_Prompt_. Transcribe word for word the lines below from the line with "E \<longleftrightarrow> \<not>" through the line with "E = (twin_reduction_step", ends included.

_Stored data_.
=-=-=
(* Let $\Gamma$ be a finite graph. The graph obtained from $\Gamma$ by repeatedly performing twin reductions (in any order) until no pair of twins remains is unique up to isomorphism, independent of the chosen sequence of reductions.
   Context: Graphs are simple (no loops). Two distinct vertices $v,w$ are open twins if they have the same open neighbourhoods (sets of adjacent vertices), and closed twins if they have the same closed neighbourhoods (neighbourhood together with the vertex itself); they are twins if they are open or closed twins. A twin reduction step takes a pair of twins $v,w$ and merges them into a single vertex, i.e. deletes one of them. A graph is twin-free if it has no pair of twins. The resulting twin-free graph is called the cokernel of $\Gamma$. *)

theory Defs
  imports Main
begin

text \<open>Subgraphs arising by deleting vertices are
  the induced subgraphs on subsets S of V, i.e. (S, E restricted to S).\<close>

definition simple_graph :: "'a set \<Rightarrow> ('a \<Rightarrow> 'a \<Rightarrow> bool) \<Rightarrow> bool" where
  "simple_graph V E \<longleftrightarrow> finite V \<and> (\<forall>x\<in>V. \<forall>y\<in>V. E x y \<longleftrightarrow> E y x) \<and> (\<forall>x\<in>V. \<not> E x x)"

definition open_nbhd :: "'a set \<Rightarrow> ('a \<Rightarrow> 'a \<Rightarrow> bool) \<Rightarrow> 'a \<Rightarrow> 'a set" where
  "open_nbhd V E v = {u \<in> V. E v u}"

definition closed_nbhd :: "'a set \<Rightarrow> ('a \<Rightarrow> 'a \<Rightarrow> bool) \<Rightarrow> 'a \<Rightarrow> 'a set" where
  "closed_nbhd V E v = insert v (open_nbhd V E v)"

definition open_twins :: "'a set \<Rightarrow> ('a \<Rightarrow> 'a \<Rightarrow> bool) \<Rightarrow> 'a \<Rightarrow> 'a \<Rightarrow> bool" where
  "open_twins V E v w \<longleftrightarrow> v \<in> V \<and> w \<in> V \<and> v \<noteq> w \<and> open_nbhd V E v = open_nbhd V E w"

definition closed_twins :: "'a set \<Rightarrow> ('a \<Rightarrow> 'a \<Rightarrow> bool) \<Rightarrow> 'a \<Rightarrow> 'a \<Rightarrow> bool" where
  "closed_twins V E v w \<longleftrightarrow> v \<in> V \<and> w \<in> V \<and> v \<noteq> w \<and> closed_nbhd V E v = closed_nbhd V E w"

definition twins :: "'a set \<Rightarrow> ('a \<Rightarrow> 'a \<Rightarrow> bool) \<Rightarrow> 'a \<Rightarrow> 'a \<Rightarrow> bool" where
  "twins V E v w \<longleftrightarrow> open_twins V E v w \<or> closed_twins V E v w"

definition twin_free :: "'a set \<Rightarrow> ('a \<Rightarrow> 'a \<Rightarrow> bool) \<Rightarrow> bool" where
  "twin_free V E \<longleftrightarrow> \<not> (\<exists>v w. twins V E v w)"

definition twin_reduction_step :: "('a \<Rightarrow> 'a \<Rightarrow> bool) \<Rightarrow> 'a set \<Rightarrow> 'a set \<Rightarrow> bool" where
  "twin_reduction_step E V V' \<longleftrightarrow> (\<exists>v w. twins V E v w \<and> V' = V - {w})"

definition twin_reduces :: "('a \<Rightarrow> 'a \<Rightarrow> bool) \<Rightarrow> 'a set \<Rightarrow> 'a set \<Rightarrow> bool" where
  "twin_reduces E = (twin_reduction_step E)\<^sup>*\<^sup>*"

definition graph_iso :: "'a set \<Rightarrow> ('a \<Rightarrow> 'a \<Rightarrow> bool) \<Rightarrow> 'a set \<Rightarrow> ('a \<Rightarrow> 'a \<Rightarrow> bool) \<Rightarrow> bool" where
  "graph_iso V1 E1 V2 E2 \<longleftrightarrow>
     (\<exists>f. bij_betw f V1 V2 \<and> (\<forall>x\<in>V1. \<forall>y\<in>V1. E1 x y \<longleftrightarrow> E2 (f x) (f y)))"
=-=-=
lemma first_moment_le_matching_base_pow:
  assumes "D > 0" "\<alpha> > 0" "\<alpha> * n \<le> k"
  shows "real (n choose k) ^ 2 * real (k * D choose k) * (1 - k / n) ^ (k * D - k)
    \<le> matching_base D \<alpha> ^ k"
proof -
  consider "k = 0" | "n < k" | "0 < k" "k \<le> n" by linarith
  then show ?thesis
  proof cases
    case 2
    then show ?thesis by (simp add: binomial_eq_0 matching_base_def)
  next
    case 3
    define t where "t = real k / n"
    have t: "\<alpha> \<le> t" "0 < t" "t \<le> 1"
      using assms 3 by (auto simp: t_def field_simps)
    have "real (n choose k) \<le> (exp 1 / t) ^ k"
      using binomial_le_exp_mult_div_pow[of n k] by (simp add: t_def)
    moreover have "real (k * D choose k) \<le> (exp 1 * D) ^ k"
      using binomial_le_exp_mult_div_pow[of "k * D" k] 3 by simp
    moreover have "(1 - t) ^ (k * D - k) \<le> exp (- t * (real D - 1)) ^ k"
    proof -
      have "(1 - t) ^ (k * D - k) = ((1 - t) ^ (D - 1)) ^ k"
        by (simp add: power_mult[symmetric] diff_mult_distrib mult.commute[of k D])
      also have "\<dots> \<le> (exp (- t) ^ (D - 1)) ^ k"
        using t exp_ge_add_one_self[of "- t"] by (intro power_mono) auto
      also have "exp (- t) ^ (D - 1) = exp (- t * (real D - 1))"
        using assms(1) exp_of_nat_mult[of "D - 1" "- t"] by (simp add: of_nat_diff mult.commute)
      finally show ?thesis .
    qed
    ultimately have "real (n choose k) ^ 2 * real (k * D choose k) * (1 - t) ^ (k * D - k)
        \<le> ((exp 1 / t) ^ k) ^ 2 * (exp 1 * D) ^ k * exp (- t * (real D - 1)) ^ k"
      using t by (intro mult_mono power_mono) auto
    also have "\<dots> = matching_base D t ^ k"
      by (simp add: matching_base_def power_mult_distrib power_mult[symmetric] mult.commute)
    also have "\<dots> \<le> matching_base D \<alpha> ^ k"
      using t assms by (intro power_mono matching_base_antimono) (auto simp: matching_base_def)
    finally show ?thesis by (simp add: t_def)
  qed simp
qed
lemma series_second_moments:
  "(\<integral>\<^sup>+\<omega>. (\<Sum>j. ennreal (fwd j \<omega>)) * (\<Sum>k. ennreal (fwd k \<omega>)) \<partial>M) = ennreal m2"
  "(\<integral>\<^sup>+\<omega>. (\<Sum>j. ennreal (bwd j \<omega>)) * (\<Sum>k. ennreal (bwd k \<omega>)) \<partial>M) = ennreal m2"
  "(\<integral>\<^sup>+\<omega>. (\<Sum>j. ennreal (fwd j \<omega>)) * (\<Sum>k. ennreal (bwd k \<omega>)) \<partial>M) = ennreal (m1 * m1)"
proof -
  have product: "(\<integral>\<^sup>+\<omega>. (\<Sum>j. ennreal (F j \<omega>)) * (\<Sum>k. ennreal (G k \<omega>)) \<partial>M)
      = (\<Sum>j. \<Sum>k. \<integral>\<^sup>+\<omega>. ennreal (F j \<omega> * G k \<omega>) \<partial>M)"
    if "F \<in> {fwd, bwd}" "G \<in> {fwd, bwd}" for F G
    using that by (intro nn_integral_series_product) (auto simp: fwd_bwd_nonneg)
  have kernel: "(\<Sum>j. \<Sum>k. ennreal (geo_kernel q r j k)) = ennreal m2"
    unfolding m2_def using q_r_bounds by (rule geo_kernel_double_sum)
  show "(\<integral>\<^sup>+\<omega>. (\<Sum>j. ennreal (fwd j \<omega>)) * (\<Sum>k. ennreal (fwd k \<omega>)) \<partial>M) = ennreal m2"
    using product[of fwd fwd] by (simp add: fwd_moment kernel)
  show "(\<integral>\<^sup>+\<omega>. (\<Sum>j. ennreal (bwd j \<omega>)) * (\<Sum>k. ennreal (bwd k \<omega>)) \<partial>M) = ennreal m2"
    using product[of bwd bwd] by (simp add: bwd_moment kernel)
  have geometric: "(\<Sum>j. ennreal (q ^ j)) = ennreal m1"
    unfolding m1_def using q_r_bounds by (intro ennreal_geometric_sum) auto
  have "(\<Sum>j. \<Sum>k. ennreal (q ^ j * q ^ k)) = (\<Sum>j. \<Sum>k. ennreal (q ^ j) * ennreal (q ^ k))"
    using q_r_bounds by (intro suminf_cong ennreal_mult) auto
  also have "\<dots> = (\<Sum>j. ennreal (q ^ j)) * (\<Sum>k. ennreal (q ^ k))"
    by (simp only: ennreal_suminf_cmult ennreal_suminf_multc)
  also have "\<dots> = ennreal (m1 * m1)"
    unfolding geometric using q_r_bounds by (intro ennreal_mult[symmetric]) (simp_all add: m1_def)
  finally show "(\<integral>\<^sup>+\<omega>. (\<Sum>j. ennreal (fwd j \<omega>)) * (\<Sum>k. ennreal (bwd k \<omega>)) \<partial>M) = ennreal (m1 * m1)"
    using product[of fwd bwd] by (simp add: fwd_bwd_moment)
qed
=-=-=
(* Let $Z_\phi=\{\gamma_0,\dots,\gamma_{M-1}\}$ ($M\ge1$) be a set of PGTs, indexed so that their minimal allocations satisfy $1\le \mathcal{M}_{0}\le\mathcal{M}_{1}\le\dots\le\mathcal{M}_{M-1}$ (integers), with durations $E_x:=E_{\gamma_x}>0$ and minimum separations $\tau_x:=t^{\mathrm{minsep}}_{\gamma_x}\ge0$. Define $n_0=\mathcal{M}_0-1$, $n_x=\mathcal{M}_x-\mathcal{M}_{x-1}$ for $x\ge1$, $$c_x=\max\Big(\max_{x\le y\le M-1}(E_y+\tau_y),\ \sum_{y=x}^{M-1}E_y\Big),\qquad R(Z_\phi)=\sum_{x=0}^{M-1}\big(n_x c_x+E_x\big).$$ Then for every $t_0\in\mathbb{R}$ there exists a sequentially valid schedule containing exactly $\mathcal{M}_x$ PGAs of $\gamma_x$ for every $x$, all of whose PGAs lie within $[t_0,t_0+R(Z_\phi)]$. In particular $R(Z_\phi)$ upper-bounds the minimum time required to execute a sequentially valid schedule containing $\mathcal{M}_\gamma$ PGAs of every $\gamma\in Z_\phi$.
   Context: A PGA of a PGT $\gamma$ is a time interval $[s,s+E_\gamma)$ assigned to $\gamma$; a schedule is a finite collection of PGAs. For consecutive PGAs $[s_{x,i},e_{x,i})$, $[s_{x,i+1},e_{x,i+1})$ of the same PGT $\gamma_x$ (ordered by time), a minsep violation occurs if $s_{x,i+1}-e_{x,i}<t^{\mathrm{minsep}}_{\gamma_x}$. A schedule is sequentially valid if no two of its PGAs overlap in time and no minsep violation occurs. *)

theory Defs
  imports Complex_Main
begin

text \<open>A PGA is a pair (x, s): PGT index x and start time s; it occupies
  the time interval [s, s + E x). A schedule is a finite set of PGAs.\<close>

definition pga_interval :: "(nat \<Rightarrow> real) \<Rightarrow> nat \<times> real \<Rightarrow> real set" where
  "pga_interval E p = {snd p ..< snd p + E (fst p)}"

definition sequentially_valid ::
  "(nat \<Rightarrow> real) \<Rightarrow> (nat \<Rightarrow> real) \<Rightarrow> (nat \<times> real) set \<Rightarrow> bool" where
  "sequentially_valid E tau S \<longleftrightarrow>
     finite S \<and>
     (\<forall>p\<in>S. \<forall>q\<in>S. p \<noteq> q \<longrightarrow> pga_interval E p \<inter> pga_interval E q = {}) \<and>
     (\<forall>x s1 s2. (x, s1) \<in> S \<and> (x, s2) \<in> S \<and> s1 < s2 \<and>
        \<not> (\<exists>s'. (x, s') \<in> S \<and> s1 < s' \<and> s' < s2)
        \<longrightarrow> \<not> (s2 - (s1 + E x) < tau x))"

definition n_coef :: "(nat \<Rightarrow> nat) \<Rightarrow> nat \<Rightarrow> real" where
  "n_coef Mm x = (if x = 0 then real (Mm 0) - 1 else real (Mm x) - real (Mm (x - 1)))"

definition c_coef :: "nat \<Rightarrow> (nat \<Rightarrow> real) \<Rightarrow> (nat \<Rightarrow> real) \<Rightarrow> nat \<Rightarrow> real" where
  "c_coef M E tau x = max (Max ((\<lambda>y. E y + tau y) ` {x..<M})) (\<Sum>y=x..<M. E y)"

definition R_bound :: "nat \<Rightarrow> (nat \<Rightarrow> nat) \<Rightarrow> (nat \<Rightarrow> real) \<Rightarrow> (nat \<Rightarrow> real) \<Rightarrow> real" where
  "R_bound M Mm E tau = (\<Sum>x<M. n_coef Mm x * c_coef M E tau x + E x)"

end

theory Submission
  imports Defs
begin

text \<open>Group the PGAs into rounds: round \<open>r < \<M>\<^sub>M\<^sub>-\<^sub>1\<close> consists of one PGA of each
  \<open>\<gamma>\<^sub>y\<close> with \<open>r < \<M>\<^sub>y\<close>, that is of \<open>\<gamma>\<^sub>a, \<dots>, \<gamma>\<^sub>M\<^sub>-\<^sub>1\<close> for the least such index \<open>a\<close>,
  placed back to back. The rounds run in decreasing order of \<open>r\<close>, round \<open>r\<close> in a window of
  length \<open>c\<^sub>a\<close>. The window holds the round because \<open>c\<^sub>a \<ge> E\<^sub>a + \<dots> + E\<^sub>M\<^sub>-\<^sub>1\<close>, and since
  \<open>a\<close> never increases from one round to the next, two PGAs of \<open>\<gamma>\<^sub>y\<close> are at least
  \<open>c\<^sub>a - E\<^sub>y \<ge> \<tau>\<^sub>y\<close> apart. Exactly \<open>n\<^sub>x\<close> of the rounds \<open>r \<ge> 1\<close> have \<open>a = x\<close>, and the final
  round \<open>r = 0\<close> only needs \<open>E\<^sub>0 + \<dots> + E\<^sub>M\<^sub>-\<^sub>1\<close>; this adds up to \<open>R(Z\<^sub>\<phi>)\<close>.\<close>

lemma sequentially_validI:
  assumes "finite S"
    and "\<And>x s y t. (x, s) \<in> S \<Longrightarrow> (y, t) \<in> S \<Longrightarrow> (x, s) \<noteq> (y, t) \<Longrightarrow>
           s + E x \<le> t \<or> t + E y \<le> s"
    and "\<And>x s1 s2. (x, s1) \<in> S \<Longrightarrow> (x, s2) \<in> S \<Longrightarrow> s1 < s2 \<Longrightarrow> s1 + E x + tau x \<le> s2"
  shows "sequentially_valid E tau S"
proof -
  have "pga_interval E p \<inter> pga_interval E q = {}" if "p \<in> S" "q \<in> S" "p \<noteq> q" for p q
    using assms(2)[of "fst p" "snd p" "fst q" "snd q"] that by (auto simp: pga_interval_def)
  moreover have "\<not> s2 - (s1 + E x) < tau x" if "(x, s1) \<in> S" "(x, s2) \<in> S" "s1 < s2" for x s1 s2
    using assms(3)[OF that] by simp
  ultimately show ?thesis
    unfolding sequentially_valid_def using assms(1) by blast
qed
=-=-=
_Answer to this task_.
  "twin_free V E \<longleftrightarrow> \<not> (\<exists>v w. twins V E v w)"

definition twin_reduction_step :: "('a \<Rightarrow> 'a \<Rightarrow> bool) \<Rightarrow> 'a set \<Rightarrow> 'a set \<Rightarrow> bool" where
  "twin_reduction_step E V V' \<longleftrightarrow> (\<exists>v w. twins V E v w \<and> V' = V - {w})"

definition twin_reduces :: "('a \<Rightarrow> 'a \<Rightarrow> bool) \<Rightarrow> 'a set \<Rightarrow> 'a set \<Rightarrow> bool" where
  "twin_reduces E = (twin_reduction_step E)\<^sup>*\<^sup>*"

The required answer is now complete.